> [Your assignment]: I would like each line of the data that holds the word "fixes" copied out.

[Records drawn from a dataset]
——

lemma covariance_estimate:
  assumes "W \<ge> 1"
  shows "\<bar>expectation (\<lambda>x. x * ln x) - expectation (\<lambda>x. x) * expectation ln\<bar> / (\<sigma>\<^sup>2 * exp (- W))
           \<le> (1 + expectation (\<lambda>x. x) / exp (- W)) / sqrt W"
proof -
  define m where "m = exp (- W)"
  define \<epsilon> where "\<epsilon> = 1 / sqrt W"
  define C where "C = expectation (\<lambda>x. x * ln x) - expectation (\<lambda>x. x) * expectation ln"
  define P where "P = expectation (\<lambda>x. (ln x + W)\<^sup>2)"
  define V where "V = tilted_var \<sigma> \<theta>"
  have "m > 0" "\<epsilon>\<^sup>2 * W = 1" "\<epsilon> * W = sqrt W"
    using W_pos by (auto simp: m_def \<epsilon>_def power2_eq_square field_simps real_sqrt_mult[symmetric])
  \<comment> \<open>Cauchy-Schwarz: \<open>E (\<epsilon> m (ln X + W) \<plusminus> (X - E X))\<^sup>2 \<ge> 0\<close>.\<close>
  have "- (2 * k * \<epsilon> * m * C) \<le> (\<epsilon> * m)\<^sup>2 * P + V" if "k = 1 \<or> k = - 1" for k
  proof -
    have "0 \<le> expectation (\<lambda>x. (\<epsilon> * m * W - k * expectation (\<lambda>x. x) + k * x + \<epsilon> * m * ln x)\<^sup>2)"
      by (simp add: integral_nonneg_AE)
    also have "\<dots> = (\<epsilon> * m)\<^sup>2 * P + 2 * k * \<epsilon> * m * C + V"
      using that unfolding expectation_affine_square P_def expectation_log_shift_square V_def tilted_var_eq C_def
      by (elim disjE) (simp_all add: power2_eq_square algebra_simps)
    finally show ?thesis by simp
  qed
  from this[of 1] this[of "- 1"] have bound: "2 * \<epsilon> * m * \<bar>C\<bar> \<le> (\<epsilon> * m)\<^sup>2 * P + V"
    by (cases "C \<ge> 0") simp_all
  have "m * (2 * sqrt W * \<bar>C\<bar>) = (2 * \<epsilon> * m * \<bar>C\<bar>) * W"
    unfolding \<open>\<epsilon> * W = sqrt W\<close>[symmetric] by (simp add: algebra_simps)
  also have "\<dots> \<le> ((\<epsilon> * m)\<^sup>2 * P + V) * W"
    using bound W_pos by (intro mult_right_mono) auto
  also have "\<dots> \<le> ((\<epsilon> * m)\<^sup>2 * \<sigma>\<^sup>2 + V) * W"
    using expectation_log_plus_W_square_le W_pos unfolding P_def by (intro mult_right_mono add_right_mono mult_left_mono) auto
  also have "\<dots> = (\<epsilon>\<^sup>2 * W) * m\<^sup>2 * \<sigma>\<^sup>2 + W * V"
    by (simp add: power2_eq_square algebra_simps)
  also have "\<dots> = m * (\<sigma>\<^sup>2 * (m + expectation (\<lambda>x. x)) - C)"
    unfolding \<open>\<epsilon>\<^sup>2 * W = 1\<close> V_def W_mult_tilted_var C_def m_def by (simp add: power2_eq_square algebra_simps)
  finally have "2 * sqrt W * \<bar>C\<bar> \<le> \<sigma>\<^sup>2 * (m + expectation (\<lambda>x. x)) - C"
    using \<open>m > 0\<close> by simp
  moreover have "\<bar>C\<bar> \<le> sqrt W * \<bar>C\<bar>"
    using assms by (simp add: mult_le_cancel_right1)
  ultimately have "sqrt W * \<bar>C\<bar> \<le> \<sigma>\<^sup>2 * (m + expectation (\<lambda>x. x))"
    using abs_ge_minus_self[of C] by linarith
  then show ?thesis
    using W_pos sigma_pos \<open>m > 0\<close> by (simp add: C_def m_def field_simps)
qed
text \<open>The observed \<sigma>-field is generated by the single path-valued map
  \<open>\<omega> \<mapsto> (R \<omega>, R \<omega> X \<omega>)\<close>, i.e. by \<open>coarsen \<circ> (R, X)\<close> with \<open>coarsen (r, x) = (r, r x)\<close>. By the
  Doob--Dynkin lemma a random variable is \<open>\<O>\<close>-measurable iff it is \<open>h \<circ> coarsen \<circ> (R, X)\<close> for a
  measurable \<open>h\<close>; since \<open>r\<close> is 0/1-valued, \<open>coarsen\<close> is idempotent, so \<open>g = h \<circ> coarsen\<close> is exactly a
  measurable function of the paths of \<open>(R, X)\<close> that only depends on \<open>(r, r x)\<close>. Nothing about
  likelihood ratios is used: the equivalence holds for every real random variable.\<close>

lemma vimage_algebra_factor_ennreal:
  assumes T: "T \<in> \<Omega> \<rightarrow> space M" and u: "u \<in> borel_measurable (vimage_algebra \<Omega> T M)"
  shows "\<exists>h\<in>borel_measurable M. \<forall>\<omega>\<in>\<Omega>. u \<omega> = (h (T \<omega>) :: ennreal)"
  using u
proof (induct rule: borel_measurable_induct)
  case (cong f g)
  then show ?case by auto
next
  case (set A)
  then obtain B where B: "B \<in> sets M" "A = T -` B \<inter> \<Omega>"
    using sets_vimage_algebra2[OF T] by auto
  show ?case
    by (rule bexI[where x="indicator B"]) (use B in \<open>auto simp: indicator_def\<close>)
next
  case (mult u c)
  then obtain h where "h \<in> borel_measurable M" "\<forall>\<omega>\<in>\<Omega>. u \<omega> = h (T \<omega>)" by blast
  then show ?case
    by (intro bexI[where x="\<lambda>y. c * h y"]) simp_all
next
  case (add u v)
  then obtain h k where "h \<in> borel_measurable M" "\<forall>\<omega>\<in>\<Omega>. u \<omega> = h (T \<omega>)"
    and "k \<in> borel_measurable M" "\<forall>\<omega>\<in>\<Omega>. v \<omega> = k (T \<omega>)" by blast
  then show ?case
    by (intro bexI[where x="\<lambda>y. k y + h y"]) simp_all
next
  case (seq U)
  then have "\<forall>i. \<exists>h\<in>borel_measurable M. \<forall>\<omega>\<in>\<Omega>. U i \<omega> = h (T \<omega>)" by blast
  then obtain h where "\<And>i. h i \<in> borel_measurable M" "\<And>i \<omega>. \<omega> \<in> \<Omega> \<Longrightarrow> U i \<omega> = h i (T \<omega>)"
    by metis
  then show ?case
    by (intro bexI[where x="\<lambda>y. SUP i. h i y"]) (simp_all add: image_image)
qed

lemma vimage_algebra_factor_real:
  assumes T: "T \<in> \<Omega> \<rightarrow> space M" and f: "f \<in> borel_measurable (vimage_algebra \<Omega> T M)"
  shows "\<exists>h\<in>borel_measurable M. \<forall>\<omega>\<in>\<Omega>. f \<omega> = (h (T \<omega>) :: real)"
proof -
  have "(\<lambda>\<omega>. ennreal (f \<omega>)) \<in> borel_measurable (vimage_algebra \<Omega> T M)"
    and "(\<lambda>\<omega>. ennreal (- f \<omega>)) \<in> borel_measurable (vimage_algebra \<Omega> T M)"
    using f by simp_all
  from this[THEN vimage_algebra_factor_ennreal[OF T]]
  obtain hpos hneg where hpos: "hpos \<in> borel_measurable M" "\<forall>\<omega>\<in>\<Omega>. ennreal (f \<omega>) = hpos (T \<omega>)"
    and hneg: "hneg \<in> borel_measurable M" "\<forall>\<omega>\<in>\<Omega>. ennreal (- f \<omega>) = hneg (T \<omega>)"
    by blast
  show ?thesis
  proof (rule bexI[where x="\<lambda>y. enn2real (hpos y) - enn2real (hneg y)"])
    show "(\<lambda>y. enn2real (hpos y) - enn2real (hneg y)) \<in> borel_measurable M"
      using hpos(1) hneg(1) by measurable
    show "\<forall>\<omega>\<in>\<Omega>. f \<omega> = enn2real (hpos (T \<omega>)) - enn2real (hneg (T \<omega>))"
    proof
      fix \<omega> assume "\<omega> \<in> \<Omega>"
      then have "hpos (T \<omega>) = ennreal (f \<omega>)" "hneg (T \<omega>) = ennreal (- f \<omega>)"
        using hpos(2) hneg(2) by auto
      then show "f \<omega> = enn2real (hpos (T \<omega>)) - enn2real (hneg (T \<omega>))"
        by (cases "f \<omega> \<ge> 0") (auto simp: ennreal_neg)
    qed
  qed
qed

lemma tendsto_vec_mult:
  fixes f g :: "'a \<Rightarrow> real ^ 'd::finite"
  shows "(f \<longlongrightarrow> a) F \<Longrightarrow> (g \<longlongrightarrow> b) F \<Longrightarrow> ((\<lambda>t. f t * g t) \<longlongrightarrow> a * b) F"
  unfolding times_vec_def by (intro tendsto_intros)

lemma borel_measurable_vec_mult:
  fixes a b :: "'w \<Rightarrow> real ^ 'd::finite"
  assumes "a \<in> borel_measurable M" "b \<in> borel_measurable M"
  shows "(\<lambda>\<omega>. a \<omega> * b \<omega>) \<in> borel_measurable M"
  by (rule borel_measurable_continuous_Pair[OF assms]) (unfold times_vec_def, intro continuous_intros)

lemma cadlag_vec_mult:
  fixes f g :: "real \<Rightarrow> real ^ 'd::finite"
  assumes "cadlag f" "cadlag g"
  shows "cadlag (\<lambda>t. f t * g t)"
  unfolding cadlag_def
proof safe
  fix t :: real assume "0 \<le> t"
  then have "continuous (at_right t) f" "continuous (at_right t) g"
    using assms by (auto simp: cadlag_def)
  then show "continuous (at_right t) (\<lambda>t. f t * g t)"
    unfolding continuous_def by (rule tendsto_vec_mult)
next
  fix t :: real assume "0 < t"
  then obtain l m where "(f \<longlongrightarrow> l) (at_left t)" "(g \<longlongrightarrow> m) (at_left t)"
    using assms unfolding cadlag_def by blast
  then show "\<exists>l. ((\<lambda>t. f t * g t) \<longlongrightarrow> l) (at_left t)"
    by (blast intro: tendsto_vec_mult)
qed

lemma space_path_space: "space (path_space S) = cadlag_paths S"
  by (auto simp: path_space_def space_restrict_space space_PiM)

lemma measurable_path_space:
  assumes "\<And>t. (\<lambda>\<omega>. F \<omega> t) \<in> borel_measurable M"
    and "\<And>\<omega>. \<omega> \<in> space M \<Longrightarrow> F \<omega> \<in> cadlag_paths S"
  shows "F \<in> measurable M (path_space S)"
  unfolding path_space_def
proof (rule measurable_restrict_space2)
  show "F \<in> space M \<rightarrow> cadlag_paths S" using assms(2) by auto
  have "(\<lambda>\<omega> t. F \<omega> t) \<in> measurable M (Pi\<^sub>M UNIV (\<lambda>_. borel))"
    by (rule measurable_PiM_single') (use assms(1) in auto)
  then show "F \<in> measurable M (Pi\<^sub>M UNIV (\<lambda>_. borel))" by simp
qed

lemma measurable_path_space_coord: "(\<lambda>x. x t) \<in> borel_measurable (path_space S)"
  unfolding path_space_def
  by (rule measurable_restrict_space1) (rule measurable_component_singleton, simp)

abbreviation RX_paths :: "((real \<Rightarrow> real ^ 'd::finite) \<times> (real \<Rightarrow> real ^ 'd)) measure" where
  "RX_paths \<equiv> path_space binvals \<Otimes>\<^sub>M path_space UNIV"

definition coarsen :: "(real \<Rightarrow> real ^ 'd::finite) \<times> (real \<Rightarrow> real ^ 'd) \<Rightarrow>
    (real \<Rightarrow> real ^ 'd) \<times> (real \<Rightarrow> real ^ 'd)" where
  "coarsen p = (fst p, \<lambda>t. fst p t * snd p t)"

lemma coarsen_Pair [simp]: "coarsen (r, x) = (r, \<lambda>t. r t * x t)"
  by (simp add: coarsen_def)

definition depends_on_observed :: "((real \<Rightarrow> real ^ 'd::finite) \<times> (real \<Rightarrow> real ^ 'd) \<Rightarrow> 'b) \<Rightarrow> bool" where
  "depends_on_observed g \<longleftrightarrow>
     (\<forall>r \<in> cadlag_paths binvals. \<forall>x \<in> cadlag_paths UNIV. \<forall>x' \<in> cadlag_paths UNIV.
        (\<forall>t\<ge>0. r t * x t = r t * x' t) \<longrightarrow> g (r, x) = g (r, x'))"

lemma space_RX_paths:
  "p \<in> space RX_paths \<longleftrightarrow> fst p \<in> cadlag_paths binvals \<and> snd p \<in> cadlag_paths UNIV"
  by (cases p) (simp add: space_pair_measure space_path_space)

——

> [Solution for this problem]:
  fixes f g :: "'a \<Rightarrow> real ^ 'd::finite"
  fixes a b :: "'w \<Rightarrow> real ^ 'd::finite"
  fixes f g :: "real \<Rightarrow> real ^ 'd::finite"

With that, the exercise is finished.